■ **YOUR TASK**: Please return only the lines from the one holding "define Q where" through the one holding "using bad few unfolding b_def by simp_all", exactly as they appear in the records below, both ends included.

(Collected data entries)
lemma minimiser_dist_sq_le:
  fixes u :: "nat \<Rightarrow> 'a::real_normed_vector" and B G :: nat
  assumes zmin: "(\<Sum>g<G. norm (z - u g)) \<le> (\<Sum>g<G. norm (x - u g))"
    and Gd: "Gd \<subseteq> {..<G}" and bad: "card ({..<G} - Gd) \<le> B" and few: "2 * B < G"
  shows "(norm (z - x))\<^sup>2
    \<le> ((2 - 2 * (B / G)) / (1 - 2 * (B / G)))\<^sup>2 / card Gd * (\<Sum>g\<in>Gd. (norm (u g - x))\<^sup>2)"
proof -
  define k where "k = real (card Gd)"
  define b where "b = real (card ({..<G} - Gd))"
  define S where "S = (\<Sum>g\<in>Gd. norm (u g - x))"
  define Q where "Q = (\<Sum>g\<in>Gd. (norm (u g - x))\<^sup>2)"
  define C where "C = (2 - 2 * (B / G)) / (1 - 2 * (B / G))"
  have "card Gd + card ({..<G} - Gd) = G"
    using Gd by (metis card_Diff_subset card_lessThan finite_lessThan finite_subset le_add_diff_inverse card_mono)
  then have k: "k = real G - b"
    unfolding k_def b_def by linarith
  have b: "0 \<le> b" "b \<le> B" "2 * real B < real G"
    using bad few unfolding b_def by simp_all
  then have kb: "0 < k - b" "0 < k"
    unfolding k by linarith+
  have "(k - b) * norm (z - x) \<le> 2 * S"
    using minimiser_dist_le_honest_sum[OF zmin Gd] unfolding k_def b_def S_def .
  then have "norm (z - x) \<le> 2 * S / (k - b)"
    using kb by (simp add: field_simps)
  then have "(norm (z - x))\<^sup>2 \<le> (2 * S / (k - b))\<^sup>2"
    by (rule power_mono) simp
  also have "\<dots> = 4 * S\<^sup>2 / (k - b)\<^sup>2"
    by (simp add: power_divide power_mult_distrib)
  also have "\<dots> \<le> 4 * (k * Q) / (k - b)\<^sup>2"
    using sum_squared_le_sum_of_squares[of "\<lambda>g. norm (u g - x)" Gd]
    unfolding S_def Q_def k_def by (intro divide_right_mono mult_left_mono) (simp_all add: mult.commute)
  also have "\<dots> = (2 * k / (k - b))\<^sup>2 / k * Q"
  proof -
    have "4 * (k * Q) / d\<^sup>2 = (2 * k / d)\<^sup>2 / k * Q" if "0 < d" for d
      using that kb by (simp add: field_simps power2_eq_square)
    then show ?thesis
      using kb by blast
  qed
  also have "\<dots> \<le> C\<^sup>2 / k * Q"
  proof -
    have "2 * k / (k - b) \<le> C"
      using breakdown_factor_le[OF b] unfolding k C_def by (simp add: algebra_simps)
    then have "(2 * k / (k - b))\<^sup>2 \<le> C\<^sup>2"
      using kb by (intro power_mono) simp_all
    then show ?thesis
      using kb unfolding Q_def by (intro mult_right_mono divide_right_mono) (simp_all add: sum_nonneg)
  qed
  finally show ?thesis
    unfolding C_def k_def Q_def .
qed

section \<open>Averages of sampled messages\<close>

lemma norm_sum_sq_le_card_mult:
  fixes v :: "'i \<Rightarrow> 'a::real_normed_vector"
  shows "(norm (\<Sum>n\<in>S. v n))\<^sup>2 \<le> real (card S) * (\<Sum>n\<in>S. (norm (v n))\<^sup>2)"
proof -
  have "(norm (\<Sum>n\<in>S. v n))\<^sup>2 \<le> (\<Sum>n\<in>S. norm (v n))\<^sup>2"
    by (rule power_mono[OF norm_sum]) simp
  also have "\<dots> \<le> (\<Sum>n\<in>S. (norm (v n))\<^sup>2) * real (card S)"
    by (rule sum_squared_le_sum_of_squares)
  finally show ?thesis
    by (simp add: mult.commute)
qed

lemma nn_integral_Pi_pmf_mean_sq_le:
  fixes v :: "nat \<Rightarrow> nat \<Rightarrow> 'a::real_normed_vector"
  assumes S: "S \<subseteq> H" "card S = m" "0 < m" and H: "finite H"
    and J: "\<And>n. n \<in> H \<Longrightarrow> 0 < J n"
    and bound: "\<And>n. n \<in> H \<Longrightarrow> (\<Sum>j<J n. (norm (v n j - c))\<^sup>2) / real (J n) \<le> D"
  shows "(\<integral>\<^sup>+i. ennreal ((norm ((1 / real m) *\<^sub>R (\<Sum>n\<in>S. v n (i n)) - c))\<^sup>2)
           \<partial>Pi_pmf H 0 (\<lambda>n. pmf_of_set {..<J n})) \<le> ennreal D"
proof -
  let ?P = "Pi_pmf H 0 (\<lambda>n. pmf_of_set {..<J n})"
  let ?X = "\<lambda>n j. (norm (v n j - c))\<^sup>2 / real m"
  have mean: "(norm ((1 / real m) *\<^sub>R (\<Sum>n\<in>S. v n (i n)) - c))\<^sup>2 \<le> (\<Sum>n\<in>S. ?X n (i n))" for i
  proof -
    have "(1 / real m) *\<^sub>R (\<Sum>n\<in>S. v n (i n)) - c = (1 / real m) *\<^sub>R (\<Sum>n\<in>S. v n (i n) - c)"
      using S by (simp add: sum_subtractf scaleR_diff_right sum_constant_scaleR)
    then have "(norm ((1 / real m) *\<^sub>R (\<Sum>n\<in>S. v n (i n)) - c))\<^sup>2
        = (norm (\<Sum>n\<in>S. v n (i n) - c))\<^sup>2 / (real m)\<^sup>2"
      by (simp add: power_divide)
    also have "\<dots> \<le> real m * (\<Sum>n\<in>S. (norm (v n (i n) - c))\<^sup>2) / (real m)\<^sup>2"
      using norm_sum_sq_le_card_mult[of "\<lambda>n. v n (i n) - c" S] S by (intro divide_right_mono) simp_all
    also have "\<dots> = (\<Sum>n\<in>S. ?X n (i n))"
      using S by (simp add: power2_eq_square sum_divide_distrib)
    finally show ?thesis .
  qed
  have sample: "(\<integral>\<^sup>+i. ennreal (?X n (i n)) \<partial>?P) \<le> ennreal (D / real m)" if "n \<in> S" for n
  proof -
    have n: "n \<in> H"
      using that S by auto
    have "(\<integral>\<^sup>+i. ennreal (?X n (i n)) \<partial>?P) = (\<integral>\<^sup>+j. ennreal (?X n j) \<partial>map_pmf (\<lambda>i. i n) ?P)"
      by simp
    also have "map_pmf (\<lambda>i. i n) ?P = pmf_of_set {..<J n}"
      using n H by (simp add: Pi_pmf_component)
    also have "(\<integral>\<^sup>+j. ennreal (?X n j) \<partial>pmf_of_set {..<J n}) = (\<Sum>j<J n. ennreal (?X n j)) / of_nat (J n)"
      using J[OF n] by (subst nn_integral_pmf_of_set) auto
    also have "\<dots> = ennreal ((\<Sum>j<J n. (norm (v n j - c))\<^sup>2) / real (J n) / real m)"
      using J[OF n] by (simp add: divide_ennreal ennreal_of_nat_eq_real_of_nat
          sum_divide_distrib[symmetric] sum_nonneg)
    also have "\<dots> \<le> ennreal (D / real m)"
      using bound[OF n] S by (intro ennreal_leI divide_right_mono) simp_all
    finally show ?thesis .
  qed
  have "(\<integral>\<^sup>+i. ennreal ((norm ((1 / real m) *\<^sub>R (\<Sum>n\<in>S. v n (i n)) - c))\<^sup>2) \<partial>?P)
      \<le> (\<integral>\<^sup>+i. (\<Sum>n\<in>S. ennreal (?X n (i n))) \<partial>?P)"
    using mean by (intro nn_integral_mono) (simp add: ennreal_leI)
  also have "\<dots> = (\<Sum>n\<in>S. \<integral>\<^sup>+i. ennreal (?X n (i n)) \<partial>?P)"
    by (rule nn_integral_sum) simp
  also have "\<dots> \<le> (\<Sum>n\<in>S. ennreal (D / real m))"
    using sample by (rule sum_mono)
  also have "\<dots> = ennreal D"
    using S by (simp add: ennreal_of_nat_eq_real_of_nat ennreal_mult'[symmetric])
  finally show ?thesis .
qed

■ **ANSWER SECTION**:
  define Q where "Q = (\<Sum>g\<in>Gd. (norm (u g - x))\<^sup>2)"
  define C where "C = (2 - 2 * (B / G)) / (1 - 2 * (B / G))"
  have "card Gd + card ({..<G} - Gd) = G"
    using Gd by (metis card_Diff_subset card_lessThan finite_lessThan finite_subset le_add_diff_inverse card_mono)
  then have k: "k = real G - b"
    unfolding k_def b_def by linarith
  have b: "0 \<le> b" "b \<le> B" "2 * real B < real G"
    using bad few unfolding b_def by simp_all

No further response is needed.